FIELD OF THE INVENTION

The present invention relates to a display technology field, and more particularly to a manufacturing method for LTPS TFT substrate.

BACKGROUND OF THE INVENTION

In the field of display technology, flat panel display devices such as liquid crystal display (LCD) and active matrix organic light-emitting diode (AMOLED) displays have many advantages such as thin body and high image quality, power saving, no radiation such that they have been widely used, such as mobile phones, personal digital assistants (PDAs), digital cameras, computer screens or notebook screens.

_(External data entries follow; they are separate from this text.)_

lemma binom_negqpoch_Suc:
  "binom_negqpoch (Suc a) t q = q powi (2 * t) * binom_negqpoch a t q + (1 + q powi t) * binom_negqpoch a (t - 1) q"
proof (cases "1 \<le> t")
  case True
  have "(q^2) powi t = q powi (2 * t)"
    by (simp add: power_int_mult)
  then show ?thesis using gauss_binom_int_Suc[of a t "q^2"] negqpoch_step[OF True, of q]
    by (simp add: binom_negqpoch_def algebra_simps)
next
  case False
  then consider "t < 0" | "t = 0" by linarith
  then show ?thesis by cases simp_all
qed

lemma binom_negqpoch_ratio:
  "(1 - q powi (t + 1)) * binom_negqpoch a (t + 1) q = (1 - q powi (2 * (int a - t))) * binom_negqpoch a t q"
proof (cases "0 \<le> t \<and> t < int a")
  case True
  then obtain s where t: "t = int s" "t + 1 = int (Suc s)" and "s < a"
    by (metis nonneg_int_cases of_nat_less_iff of_nat_Suc add.commute)
  then have "2 * (int a - t) = int (2 * (a - s))"
    by simp
  then have exp: "q powi (2 * (int a - t)) = (q^2) ^ (a - s)"
    by (metis power_int_of_nat power_mult)
  have lhs: "(1 - q powi (t + 1)) * binom_negqpoch a (t + 1) q
      = (1 - q ^ Suc s) * (gauss_binom a (Suc s) (q^2) * ((1 + q ^ Suc s) * negqpoch q (int s)))"
    unfolding binom_negqpoch_def t(2) power_int_of_nat gauss_binom_int_of_nat negqpoch_of_nat
    by simp
  have rhs: "(1 - q powi (2 * (int a - t))) * binom_negqpoch a t q
      = (1 - (q^2) ^ (a - s)) * (gauss_binom a s (q^2) * negqpoch q (int s))"
    unfolding binom_negqpoch_def exp unfolding t(1) gauss_binom_int_of_nat ..
  have "(1 - q ^ Suc s) * (gauss_binom a (Suc s) (q^2) * ((1 + q ^ Suc s) * negqpoch q (int s)))
      = ((1 - (q^2) ^ Suc s) * gauss_binom a (Suc s) (q^2)) * negqpoch q (int s)"
    by (simp only: power2_eq_square power_mult_distrib) (simp add: algebra_simps)
  then show ?thesis
    unfolding lhs rhs gauss_binom_ratio by (simp only: mult.assoc)
next
  case False
  then consider "t < -1" | "t = -1" | "int a < t + 1" by linarith
  then show ?thesis
  proof cases
    case 3
    then have "binom_negqpoch a (t + 1) q = 0"
      by (rule binom_negqpoch_gt)
    moreover have "t = int a \<or> binom_negqpoch a t q = 0"
      using 3 by (auto intro: binom_negqpoch_gt)
    ultimately show ?thesis by auto
  qed simp_all
qed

Thin film transistor (TFT) array substrate is a main component of current LCD devices and AMOLED device. It is directly related to the development direction of high-performance flat panel display devices. It is used to provide a driving circuit to the display device, and usually provides with multiple gate scanning lines and multiple data lines, the multiple gate scanning lines and the multiple data lines define multiple pixel units, each of which is provided with a thin-film transistor and a pixel electrode, and a gate electrode of the thin-film transistor is connected to a corresponding gate scan line. When the voltage on the gate scanning line reaches the turn-on voltage, the source and drain of the thin-film transistor are turned on, thereby inputting the data voltage on the data line to the pixel electrode, thereby controlling the corresponding pixel region to display. Generally, the structure of the thin-film transistor on the array substrate further includes a gate electrode, a gate insulation layer, an active layer, a source and a drain, and an insulation protection layer which are stacked on the substrate.

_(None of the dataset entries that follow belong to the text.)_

lemma trunc_Suc_dest:
  assumes j: "j < k" and w: "w \<in> trunc (Suc j)"
  shows "butlast w \<in> trunc j" "w = butlast w @ [last w]" "last w \<in> eivl (hL j (butlast w)) (hU j (butlast w))"
proof -
  obtain x where x: "x \<in> Z" "w = take (m + Suc j) x" using w by (auto simp: trunc_def)
  have lx: "length x = m + k" using x Z_subset by auto
  have lw: "length w = Suc (m + j)" using x lx j by simp
  show e: "w = butlast w @ [last w]" using lw
    by (metis append_butlast_last_id list.size(3) nat.distinct(1))
  have "butlast w = take (m + j) x" using x lx j by (simp add: butlast_take)
  then show b: "butlast w \<in> trunc j" using x by (simp add: trunc_mem)
  show "last w \<in> eivl (hL j (butlast w)) (hU j (butlast w))"
    using trunc_Suc_iff[OF j b] e w by metis
qed

lemma psi_between_lo_hi: "j < k \<Longrightarrow> x \<in> trunc j \<Longrightarrow> x @ [y] \<in> trunc (Suc j) \<Longrightarrow> lo j x < psi y \<and> psi y < hi j x"
  using trunc_Suc_iff by (simp add: lo_def hi_def eivl_iff_psi)

lemma level_coord_snoc: "level_coord j (x @ [y]) = (psi y - lo j x) / (hi j x - lo j x)"
  by (simp add: level_coord_def)

lemma level_coord_bounds:
  assumes "j < k" "x \<in> trunc j" "x @ [y] \<in> trunc (Suc j)"
  shows "0 < level_coord j (x @ [y])" "level_coord j (x @ [y]) < 1"
  using psi_between_lo_hi[OF assms] by (auto simp: level_coord_snoc divide_less_eq)

lemma level_coord_bounds':
  assumes "j < k" "w \<in> trunc (Suc j)"
  shows "0 < level_coord j w" "level_coord j w < 1"
  using level_coord_bounds[OF assms(1) trunc_Suc_dest(1)[OF assms] ] trunc_Suc_dest(2)[OF assms] assms(2) by metis+

lemma level_coord_less_iff:
  assumes "j < k" "x \<in> trunc j"
  shows "level_coord j (x @ [y]) < level_coord j (x @ [y']) \<longleftrightarrow> y < y'"
proof -
  have "0 < hi j x - lo j x" using lo_less_hi[OF assms] by simp
  then show ?thesis by (simp add: level_coord_snoc divide_less_cancel)
qed

lemma level_coord_inj:
  assumes "j < k" "x \<in> trunc j" "level_coord j (x @ [y]) = level_coord j (x @ [y'])"
  shows "y = y'"
  using level_coord_less_iff[OF assms(1,2)] assms(3) by (metis linorder_neq_iff order_less_irrefl)

lemma level_coord_surj:
  assumes j: "j < k" and x: "x \<in> trunc j" and t: "0 < t" "t < 1"
  shows "\<exists>y. x @ [y] \<in> trunc (Suc j) \<and> level_coord j (x @ [y]) = t"
proof -
  have lh: "lo j x < hi j x" using lo_less_hi[OF j x] .
  define c where "c = lo j x + t * (hi j x - lo j x)"
  have "lo j x < c" using t lh by (simp add: c_def)
  moreover have "c < hi j x"
  proof -
    have "t * (hi j x - lo j x) < 1 * (hi j x - lo j x)" using t lh by (intro mult_strict_right_mono) auto
    then show ?thesis by (simp add: c_def)
  qed
  ultimately obtain y where y: "y \<in> eivl (hL j x) (hU j x)" "psi y = c"
    using psi_surj_eivl by (metis lo_def hi_def)
  have "level_coord j (x @ [y]) = t" using lh y(2) by (simp add: level_coord_snoc c_def)
  then show ?thesis using y trunc_Suc_iff[OF j x] by blast
qed

lemma level_coord_bij:
  assumes j: "j < k" and x: "x \<in> trunc j"
  shows "bij_betw (\<lambda>y. level_coord j (x @ [y])) {y. x @ [y] \<in> trunc (Suc j)} {0<..<1}"
  unfolding bij_betw_def inj_on_def
  using level_coord_inj[OF j x] level_coord_bounds[OF j x] level_coord_surj[OF j x]
  by (auto simp: image_iff) blast

lemma length_nmap: "x \<in> Z \<Longrightarrow> length (nmap x) = m + k"
  using Z_subset by (auto simp: nmap_def)

lemma nmap_nth_low: "x \<in> Z \<Longrightarrow> i < m \<Longrightarrow> nmap x ! i = x ! i"
  using Z_subset by (auto simp: nmap_def nth_append)

lemma nmap_nth_high: "x \<in> Z \<Longrightarrow> j < k \<Longrightarrow> nmap x ! (m + j) = level_coord j (take (m + Suc j) x)"
  using Z_subset by (auto simp: nmap_def nth_append)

Wherein, the low temperature poly-Silicon (LTPS) thin-film transistors are more complicated than traditional amorphous silicon (A-Si) thin-film transistors, but they are widely used for the production of small and medium-sized high-resolution LCD and AMOLED display panels because of high carrier mobility. The low-temperature polysilicon is regarded as an important material for low-cost full-color flat panel display.

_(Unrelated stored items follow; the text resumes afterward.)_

(* Let $(\mathbb{L},\Box,\Diamond)$ be an $\mathcal{L}$-algebra as in the context, let $f$ be a proper $\mathbf{A}$-filter of $\mathbb{L}$ and $i$ a proper $\mathbf{A}$-ideal of $\mathbb{L}$. Then (1) $\bigvee_{b\in\mathbb{L}}(f^{-\Diamond}(b)\otimes i(b))=\bigvee_{a\in\mathbb{L}}(f(a)\otimes i(\Diamond a))$; (2) $\bigvee_{b\in\mathbb{L}}(f(b)\otimes i^{-\Box}(b))=\bigvee_{a\in\mathbb{L}}(f(\Box a)\otimes i(a))$.
   Context: $\mathbf{A}=(D,1,0,\vee,\wedge,\otimes,\to)$ is a fixed complete lattice with top $1$ and bottom $0$, frame-distributive and dually frame-distributive, with a commutative associative $\otimes$ residuated by $\to$ ($\alpha\otimes\beta\le\gamma$ iff $\alpha\le\beta\to\gamma$), and $1\to\alpha=\alpha$ for all $\alpha$. An $\mathcal{L}$-algebra $(\mathbb{L},\Box,\Diamond)$ is a bounded lattice $\mathbb{L}$ with unary operations $\Box$ preserving finite meets (including $\Box\top=\top$) and $\Diamond$ preserving finite joins (including $\Diamond\bot=\bot$). An $\mathbf{A}$-filter of $\mathbb{L}$ is $f:\mathbb{L}\to\mathbf{A}$ with $f(\top)=1$ and $f(a\wedge b)=f(a)\wedge f(b)$; it is proper if moreover $f(\bot)=0$. An $\mathbf{A}$-ideal is $i:\mathbb{L}\to\mathbf{A}$ with $i(\bot)=1$ and $i(a\vee b)=i(a)\wedge i(b)$; proper if moreover $i(\top)=0$. For $k:\mathbb{L}\to\mathbf{A}$, $k^{-\Diamond}(a)=\bigvee\{k(b)\mid\Diamond b\le a\}$ and $k^{-\Box}(a)=\bigvee\{k(b)\mid a\le\Box b\}$. *)

theory Defs
  imports Main
begin

definition residuated_frame_algebra ::
  "('a::complete_lattice \<Rightarrow> 'a \<Rightarrow> 'a) \<Rightarrow> ('a \<Rightarrow> 'a \<Rightarrow> 'a) \<Rightarrow> bool" where
  "residuated_frame_algebra tensor res \<longleftrightarrow>
     (\<forall>(a::'a) S. inf a (Sup S) = (SUP s\<in>S. inf a s)) \<and>
     (\<forall>(a::'a) S. sup a (Inf S) = (INF s\<in>S. sup a s)) \<and>
     (\<forall>x y. tensor x y = tensor y x) \<and>
     (\<forall>x y z. tensor (tensor x y) z = tensor x (tensor y z)) \<and>
     (\<forall>x y z. tensor x y \<le> z \<longleftrightarrow> x \<le> res y z) \<and>
     (\<forall>a. res top a = a)"

definition L_algebra :: "('b::bounded_lattice \<Rightarrow> 'b) \<Rightarrow> ('b \<Rightarrow> 'b) \<Rightarrow> bool" where
  "L_algebra box dia \<longleftrightarrow>
     box top = top \<and> (\<forall>a b. box (inf a b) = inf (box a) (box b)) \<and>
     dia bot = bot \<and> (\<forall>a b. dia (sup a b) = sup (dia a) (dia b))"

definition A_filter :: "('b::bounded_lattice \<Rightarrow> 'a::complete_lattice) \<Rightarrow> bool" where
  "A_filter f \<longleftrightarrow> f top = top \<and> (\<forall>a b. f (inf a b) = inf (f a) (f b))"

definition proper_A_filter :: "('b::bounded_lattice \<Rightarrow> 'a::complete_lattice) \<Rightarrow> bool" where
  "proper_A_filter f \<longleftrightarrow> A_filter f \<and> f bot = bot"

definition A_ideal :: "('b::bounded_lattice \<Rightarrow> 'a::complete_lattice) \<Rightarrow> bool" where
  "A_ideal i \<longleftrightarrow> i bot = top \<and> (\<forall>a b. i (sup a b) = inf (i a) (i b))"

definition proper_A_ideal :: "('b::bounded_lattice \<Rightarrow> 'a::complete_lattice) \<Rightarrow> bool" where
  "proper_A_ideal i \<longleftrightarrow> A_ideal i \<and> i top = bot"

definition inv_dia :: "('b::bounded_lattice \<Rightarrow> 'b) \<Rightarrow> ('b \<Rightarrow> 'a::complete_lattice) \<Rightarrow> 'b \<Rightarrow> 'a" where
  "inv_dia dia k a = Sup {k b | b. dia b \<le> a}"

definition inv_box :: "('b::bounded_lattice \<Rightarrow> 'b) \<Rightarrow> ('b \<Rightarrow> 'a::complete_lattice) \<Rightarrow> 'b \<Rightarrow> 'a" where
  "inv_box box k a = Sup {k b | b. a \<le> box b}"

end

theory Submission
  imports Defs
begin

text \<open>Both identities are instances of one fact: since the product distributes over
arbitrary joins in each argument, the left-hand join ranges over products f c \<otimes> i b
with \<Diamond>c \<le> b (resp. f b \<otimes> i c with b \<le> \<Box>c); antitonicity of the ideal (resp.
monotonicity of the filter) lets every such term be replaced by the largest one,
taken at b = \<Diamond>c (resp. b = \<Box>c), which itself occurs on the left.\<close>

locale comm_residuated =
  fixes tensor res :: "'a::complete_lattice \<Rightarrow> 'a \<Rightarrow> 'a"
  assumes tensor_commute: "tensor x y = tensor y x"
    and residuation: "tensor x y \<le> z \<longleftrightarrow> x \<le> res y z"
begin

lemma tensor_mono_left: "x \<le> x' \<Longrightarrow> tensor x y \<le> tensor x' y"
  using residuation order_trans by blast

lemma tensor_mono: "x \<le> x' \<Longrightarrow> y \<le> y' \<Longrightarrow> tensor x y \<le> tensor x' y'"
  by (metis tensor_commute tensor_mono_left order_trans)

lemma tensor_Sup_left: "tensor (Sup S) y = (SUP s\<in>S. tensor s y)"
proof (rule antisym)
  have "Sup S \<le> res y (SUP s\<in>S. tensor s y)"
    by (rule Sup_least) (auto simp: residuation[symmetric] intro: SUP_upper)
  then show "tensor (Sup S) y \<le> (SUP s\<in>S. tensor s y)"
    by (simp add: residuation)
  show "(SUP s\<in>S. tensor s y) \<le> tensor (Sup S) y"
    by (rule SUP_least) (simp add: tensor_mono_left Sup_upper)
qed

lemma SUP_tensor_Sup_related:
  assumes related: "\<And>c. R c (\<phi> c)"
    and antitone: "\<And>b c. R c b \<Longrightarrow> h b \<le> h (\<phi> c)"
  shows "(SUP b. tensor (Sup {g c |c. R c b}) (h b)) = (SUP c. tensor (g c) (h (\<phi> c)))"
proof (rule antisym)
  show "(SUP b. tensor (Sup {g c |c. R c b}) (h b)) \<le> (SUP c. tensor (g c) (h (\<phi> c)))"
  proof (rule SUP_least)
    fix b
    have "tensor (g c) (h b) \<le> (SUP c. tensor (g c) (h (\<phi> c)))" if "R c b" for c
      using tensor_mono[OF order_refl antitone[OF that]]
      by (rule order_trans) (rule SUP_upper, simp)
    then show "tensor (Sup {g c |c. R c b}) (h b) \<le> (SUP c. tensor (g c) (h (\<phi> c)))"
      by (auto simp: tensor_Sup_left intro: SUP_least)
  qed
  show "(SUP c. tensor (g c) (h (\<phi> c))) \<le> (SUP b. tensor (Sup {g c |c. R c b}) (h b))"
  proof (rule SUP_least)
    fix c
    have "g c \<le> Sup {g c' |c'. R c' (\<phi> c)}"
      using related by (blast intro: Sup_upper)
    then have "tensor (g c) (h (\<phi> c)) \<le> tensor (Sup {g c' |c'. R c' (\<phi> c)}) (h (\<phi> c))"
      by (rule tensor_mono_left)
    also have "\<dots> \<le> (SUP b. tensor (Sup {g c |c. R c b}) (h b))"
      by (rule SUP_upper) simp
    finally show "tensor (g c) (h (\<phi> c)) \<le> (SUP b. tensor (Sup {g c |c. R c b}) (h b))" .
  qed
qed

end

lemma residuated_frame_algebra_comm_residuated:
  "residuated_frame_algebra tensor res \<Longrightarrow> comm_residuated tensor res"
  unfolding residuated_frame_algebra_def comm_residuated_def by blast

lemma A_filter_mono: "A_filter f \<Longrightarrow> x \<le> y \<Longrightarrow> f x \<le> f y"
  unfolding A_filter_def by (metis inf.absorb_iff1 le_inf_iff order_refl)

lemma A_ideal_antimono: "A_ideal i \<Longrightarrow> x \<le> y \<Longrightarrow> i y \<le> i x"
  unfolding A_ideal_def by (metis sup.absorb_iff2 le_inf_iff order_refl)

theorem mainTheorem5:
  fixes tensor res :: "'a::complete_lattice \<Rightarrow> 'a \<Rightarrow> 'a"
    and box dia :: "'b::bounded_lattice \<Rightarrow> 'b"
    and f i :: "'b \<Rightarrow> 'a"
  assumes "residuated_frame_algebra tensor res"
    and "L_algebra box dia"
    and "proper_A_filter f"
    and "proper_A_ideal i"
  shows "(SUP b. tensor (inv_dia dia f b) (i b)) = (SUP a. tensor (f a) (i (dia a)))
    \<and> (SUP b. tensor (f b) (inv_box box i b)) = (SUP a. tensor (f (box a)) (i a))"
proof
  interpret comm_residuated tensor res
    using assms(1) by (rule residuated_frame_algebra_comm_residuated)
  have f_mono: "f x \<le> f y" if "x \<le> y" for x y
    using assms(3) that by (simp add: proper_A_filter_def A_filter_mono)
  have i_antimono: "i y \<le> i x" if "x \<le> y" for x y
    using assms(4) that by (simp add: proper_A_ideal_def A_ideal_antimono)
  show "(SUP b. tensor (inv_dia dia f b) (i b)) = (SUP a. tensor (f a) (i (dia a)))"
    unfolding inv_dia_def
    by (rule SUP_tensor_Sup_related[where R = "\<lambda>c b. dia c \<le> b"]) (simp_all add: i_antimono)
  have "(SUP b. tensor (inv_box box i b) (f b)) = (SUP a. tensor (i a) (f (box a)))"
    unfolding inv_box_def
    by (rule SUP_tensor_Sup_related[where R = "\<lambda>c b. b \<le> box c"]) (simp_all add: f_mono)
  then show "(SUP b. tensor (f b) (inv_box box i b)) = (SUP a. tensor (f (box a)) (i a))"
    by (simp add: tensor_commute)
qed

end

The hot carrier effect is an important failure mechanism of the Metal Oxide Semiconductor (MOS) devices. With the shrinking size of MOS devices, the hot carrier injection effect of devices is becoming more and more serious. In the LTPS array technology, in order to effectively suppress the hot carrier effect of the device, improve the stability of the device operation and improve the leakage current of the device under negative bias conditions, the existing LTPS TFT fabrication process usually adopts a lightly doped drain region (LDD), that is, a low-doped region is placed in the poly-silicon (Poly-Si) channel near the source and drain, so that the low-doped region is also subjected to partial dividing voltage to ensure the device characteristic.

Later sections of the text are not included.